(Exercise input Opens)

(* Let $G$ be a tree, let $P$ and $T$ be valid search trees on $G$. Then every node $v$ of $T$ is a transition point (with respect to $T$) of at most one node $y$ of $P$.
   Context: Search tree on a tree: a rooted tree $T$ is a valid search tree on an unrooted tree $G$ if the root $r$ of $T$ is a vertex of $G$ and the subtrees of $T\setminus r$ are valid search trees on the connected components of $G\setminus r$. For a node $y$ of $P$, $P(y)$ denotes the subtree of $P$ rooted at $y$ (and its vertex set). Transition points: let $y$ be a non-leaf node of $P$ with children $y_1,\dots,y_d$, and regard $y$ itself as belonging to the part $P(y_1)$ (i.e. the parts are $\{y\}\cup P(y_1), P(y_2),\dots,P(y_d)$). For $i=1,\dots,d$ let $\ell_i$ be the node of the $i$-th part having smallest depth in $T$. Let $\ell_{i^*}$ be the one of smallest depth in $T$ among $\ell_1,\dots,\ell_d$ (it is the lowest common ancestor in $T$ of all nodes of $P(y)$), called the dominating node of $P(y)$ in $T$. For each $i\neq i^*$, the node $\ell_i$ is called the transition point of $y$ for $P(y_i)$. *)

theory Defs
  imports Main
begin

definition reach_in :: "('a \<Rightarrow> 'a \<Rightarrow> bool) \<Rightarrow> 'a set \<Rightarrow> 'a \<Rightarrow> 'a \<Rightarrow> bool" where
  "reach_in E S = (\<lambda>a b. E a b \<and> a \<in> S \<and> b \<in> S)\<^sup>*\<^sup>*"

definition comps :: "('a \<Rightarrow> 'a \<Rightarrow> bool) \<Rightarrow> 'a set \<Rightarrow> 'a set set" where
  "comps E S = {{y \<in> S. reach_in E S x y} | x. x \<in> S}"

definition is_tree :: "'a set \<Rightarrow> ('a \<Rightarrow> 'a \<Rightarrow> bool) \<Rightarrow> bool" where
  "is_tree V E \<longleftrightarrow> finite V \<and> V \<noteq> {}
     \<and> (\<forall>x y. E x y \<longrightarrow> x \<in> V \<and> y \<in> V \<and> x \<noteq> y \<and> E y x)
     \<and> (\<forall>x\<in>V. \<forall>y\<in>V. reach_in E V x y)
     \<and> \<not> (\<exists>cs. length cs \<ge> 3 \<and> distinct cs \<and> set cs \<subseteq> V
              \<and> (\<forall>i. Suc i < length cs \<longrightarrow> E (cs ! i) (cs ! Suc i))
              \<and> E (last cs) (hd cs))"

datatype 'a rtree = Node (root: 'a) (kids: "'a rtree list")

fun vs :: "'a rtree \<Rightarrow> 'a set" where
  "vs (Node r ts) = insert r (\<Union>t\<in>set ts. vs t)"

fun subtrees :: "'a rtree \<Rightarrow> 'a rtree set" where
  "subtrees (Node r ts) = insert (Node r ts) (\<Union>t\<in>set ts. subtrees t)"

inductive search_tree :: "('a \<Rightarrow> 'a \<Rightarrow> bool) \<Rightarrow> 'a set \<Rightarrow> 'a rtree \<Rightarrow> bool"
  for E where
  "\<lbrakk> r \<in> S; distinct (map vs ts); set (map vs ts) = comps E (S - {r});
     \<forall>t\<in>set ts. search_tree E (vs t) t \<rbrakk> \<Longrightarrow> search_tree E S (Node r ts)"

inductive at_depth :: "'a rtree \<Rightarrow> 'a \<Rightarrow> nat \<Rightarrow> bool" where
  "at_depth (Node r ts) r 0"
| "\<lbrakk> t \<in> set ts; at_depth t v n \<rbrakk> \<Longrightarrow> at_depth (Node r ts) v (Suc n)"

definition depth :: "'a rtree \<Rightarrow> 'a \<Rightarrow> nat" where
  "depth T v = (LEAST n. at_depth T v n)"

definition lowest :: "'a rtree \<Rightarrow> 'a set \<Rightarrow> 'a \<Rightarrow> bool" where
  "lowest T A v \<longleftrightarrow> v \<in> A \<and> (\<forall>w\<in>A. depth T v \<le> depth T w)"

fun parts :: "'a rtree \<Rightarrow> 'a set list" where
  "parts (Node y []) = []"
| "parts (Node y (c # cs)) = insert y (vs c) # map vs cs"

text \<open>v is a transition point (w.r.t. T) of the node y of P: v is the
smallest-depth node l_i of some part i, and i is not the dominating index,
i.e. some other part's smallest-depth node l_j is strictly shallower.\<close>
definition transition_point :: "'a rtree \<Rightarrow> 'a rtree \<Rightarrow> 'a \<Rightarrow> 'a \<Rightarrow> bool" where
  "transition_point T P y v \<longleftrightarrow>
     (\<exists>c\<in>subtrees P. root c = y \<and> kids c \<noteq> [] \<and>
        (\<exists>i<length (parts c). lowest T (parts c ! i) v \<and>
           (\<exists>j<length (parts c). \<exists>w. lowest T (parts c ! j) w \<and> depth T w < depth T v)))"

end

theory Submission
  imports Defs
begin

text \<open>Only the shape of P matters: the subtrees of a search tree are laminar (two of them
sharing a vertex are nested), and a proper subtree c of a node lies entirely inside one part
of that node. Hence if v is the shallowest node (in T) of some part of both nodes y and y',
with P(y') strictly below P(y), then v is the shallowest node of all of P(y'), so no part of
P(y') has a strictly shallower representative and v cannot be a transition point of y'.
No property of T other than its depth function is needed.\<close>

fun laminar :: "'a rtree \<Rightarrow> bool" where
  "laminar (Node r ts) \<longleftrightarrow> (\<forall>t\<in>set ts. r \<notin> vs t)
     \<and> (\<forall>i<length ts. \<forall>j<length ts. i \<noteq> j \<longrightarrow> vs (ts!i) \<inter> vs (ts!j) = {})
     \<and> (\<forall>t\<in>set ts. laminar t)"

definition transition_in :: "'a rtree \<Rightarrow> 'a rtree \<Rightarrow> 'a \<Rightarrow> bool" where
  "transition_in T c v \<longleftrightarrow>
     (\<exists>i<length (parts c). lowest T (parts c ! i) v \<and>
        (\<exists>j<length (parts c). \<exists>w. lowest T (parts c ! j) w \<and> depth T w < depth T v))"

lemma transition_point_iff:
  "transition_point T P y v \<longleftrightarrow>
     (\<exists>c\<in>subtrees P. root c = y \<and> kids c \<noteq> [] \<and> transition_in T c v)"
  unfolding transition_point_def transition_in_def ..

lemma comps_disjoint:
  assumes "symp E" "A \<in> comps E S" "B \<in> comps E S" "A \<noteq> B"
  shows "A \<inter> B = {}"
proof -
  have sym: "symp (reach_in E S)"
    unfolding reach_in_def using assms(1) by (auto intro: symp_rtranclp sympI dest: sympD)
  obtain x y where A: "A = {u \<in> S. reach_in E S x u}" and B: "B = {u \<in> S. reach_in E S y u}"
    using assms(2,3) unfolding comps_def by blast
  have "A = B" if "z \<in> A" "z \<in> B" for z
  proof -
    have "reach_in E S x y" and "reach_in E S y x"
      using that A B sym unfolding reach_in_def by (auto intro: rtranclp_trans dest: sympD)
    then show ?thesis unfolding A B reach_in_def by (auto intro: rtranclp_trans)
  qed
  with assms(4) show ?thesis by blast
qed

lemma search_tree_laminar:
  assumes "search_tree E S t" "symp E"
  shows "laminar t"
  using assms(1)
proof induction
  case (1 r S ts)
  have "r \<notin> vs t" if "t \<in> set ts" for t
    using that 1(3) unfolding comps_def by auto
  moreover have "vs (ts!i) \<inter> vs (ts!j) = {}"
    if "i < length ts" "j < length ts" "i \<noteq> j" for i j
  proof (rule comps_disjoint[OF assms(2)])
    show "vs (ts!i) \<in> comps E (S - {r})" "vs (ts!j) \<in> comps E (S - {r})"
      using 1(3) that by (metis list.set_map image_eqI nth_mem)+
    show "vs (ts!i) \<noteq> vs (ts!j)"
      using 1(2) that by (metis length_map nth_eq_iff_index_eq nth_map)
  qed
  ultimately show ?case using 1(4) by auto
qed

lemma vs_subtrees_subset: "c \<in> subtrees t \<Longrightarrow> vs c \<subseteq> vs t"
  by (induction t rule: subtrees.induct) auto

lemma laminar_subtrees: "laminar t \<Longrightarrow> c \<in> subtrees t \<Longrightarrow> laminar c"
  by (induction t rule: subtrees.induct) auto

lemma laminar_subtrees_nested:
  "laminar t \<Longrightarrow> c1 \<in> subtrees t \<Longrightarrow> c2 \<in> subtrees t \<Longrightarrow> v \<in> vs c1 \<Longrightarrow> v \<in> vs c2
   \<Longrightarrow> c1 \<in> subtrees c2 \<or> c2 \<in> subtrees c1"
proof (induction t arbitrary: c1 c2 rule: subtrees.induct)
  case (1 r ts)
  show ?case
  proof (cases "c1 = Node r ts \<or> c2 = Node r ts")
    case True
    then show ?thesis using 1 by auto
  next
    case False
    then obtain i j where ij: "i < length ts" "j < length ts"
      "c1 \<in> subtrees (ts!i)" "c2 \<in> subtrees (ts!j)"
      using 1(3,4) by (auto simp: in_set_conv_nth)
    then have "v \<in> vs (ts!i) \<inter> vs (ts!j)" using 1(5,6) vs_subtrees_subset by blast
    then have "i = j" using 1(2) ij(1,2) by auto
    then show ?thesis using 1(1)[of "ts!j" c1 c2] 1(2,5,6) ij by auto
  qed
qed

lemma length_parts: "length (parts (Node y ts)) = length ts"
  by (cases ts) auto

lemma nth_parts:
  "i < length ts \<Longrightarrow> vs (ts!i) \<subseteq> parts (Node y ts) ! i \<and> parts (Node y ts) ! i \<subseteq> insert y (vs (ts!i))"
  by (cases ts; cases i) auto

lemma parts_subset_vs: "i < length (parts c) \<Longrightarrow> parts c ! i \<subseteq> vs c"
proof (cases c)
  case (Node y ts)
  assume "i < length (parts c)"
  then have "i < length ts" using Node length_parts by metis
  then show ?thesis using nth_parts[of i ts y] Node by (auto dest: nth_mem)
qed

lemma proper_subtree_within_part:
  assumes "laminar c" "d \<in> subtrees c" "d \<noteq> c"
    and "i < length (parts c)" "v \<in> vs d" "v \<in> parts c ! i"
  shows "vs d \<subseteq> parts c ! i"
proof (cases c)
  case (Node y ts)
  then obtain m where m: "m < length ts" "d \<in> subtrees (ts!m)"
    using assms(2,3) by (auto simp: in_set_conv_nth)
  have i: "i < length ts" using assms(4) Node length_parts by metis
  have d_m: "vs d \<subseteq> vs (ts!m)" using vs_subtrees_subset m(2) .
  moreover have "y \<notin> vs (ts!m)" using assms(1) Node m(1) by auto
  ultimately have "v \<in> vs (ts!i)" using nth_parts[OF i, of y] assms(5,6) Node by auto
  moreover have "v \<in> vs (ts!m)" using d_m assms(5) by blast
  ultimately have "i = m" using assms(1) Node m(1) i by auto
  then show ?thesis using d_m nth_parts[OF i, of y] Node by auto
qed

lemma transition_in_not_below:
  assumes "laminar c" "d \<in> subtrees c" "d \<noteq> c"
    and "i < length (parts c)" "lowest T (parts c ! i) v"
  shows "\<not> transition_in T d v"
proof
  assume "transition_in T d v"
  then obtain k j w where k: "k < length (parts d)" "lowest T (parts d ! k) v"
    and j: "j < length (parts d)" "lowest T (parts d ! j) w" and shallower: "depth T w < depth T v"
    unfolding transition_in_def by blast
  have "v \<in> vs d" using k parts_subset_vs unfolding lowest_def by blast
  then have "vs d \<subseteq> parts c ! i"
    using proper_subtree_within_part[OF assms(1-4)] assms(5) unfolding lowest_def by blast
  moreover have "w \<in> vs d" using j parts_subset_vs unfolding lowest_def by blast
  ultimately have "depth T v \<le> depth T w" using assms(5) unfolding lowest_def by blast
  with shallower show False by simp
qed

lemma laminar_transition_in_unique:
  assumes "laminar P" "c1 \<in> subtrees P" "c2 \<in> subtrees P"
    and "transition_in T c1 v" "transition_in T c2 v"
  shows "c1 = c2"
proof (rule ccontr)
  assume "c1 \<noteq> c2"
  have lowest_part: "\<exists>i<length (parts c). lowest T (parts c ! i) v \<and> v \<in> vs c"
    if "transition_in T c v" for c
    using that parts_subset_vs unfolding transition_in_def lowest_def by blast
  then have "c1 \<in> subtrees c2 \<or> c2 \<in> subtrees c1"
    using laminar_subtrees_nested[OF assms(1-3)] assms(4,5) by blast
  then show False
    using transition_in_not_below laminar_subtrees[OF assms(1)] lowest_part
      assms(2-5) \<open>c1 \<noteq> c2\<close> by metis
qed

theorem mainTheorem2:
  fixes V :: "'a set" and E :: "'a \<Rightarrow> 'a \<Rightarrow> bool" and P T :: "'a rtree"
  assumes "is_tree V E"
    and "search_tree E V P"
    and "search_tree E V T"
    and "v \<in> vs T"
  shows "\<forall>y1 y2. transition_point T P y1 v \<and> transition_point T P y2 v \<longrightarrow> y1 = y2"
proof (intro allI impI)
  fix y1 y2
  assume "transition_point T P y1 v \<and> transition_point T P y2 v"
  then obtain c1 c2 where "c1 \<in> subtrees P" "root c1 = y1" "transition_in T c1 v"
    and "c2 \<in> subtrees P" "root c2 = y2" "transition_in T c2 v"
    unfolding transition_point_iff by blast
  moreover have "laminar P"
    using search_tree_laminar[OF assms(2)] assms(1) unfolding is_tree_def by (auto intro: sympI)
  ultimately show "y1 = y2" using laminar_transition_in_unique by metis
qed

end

(Exercise input Closes)

Problem to solve. Each line of the material above that contains the word "shallower" counts once; report the total and nothing else.

Output for this task. 4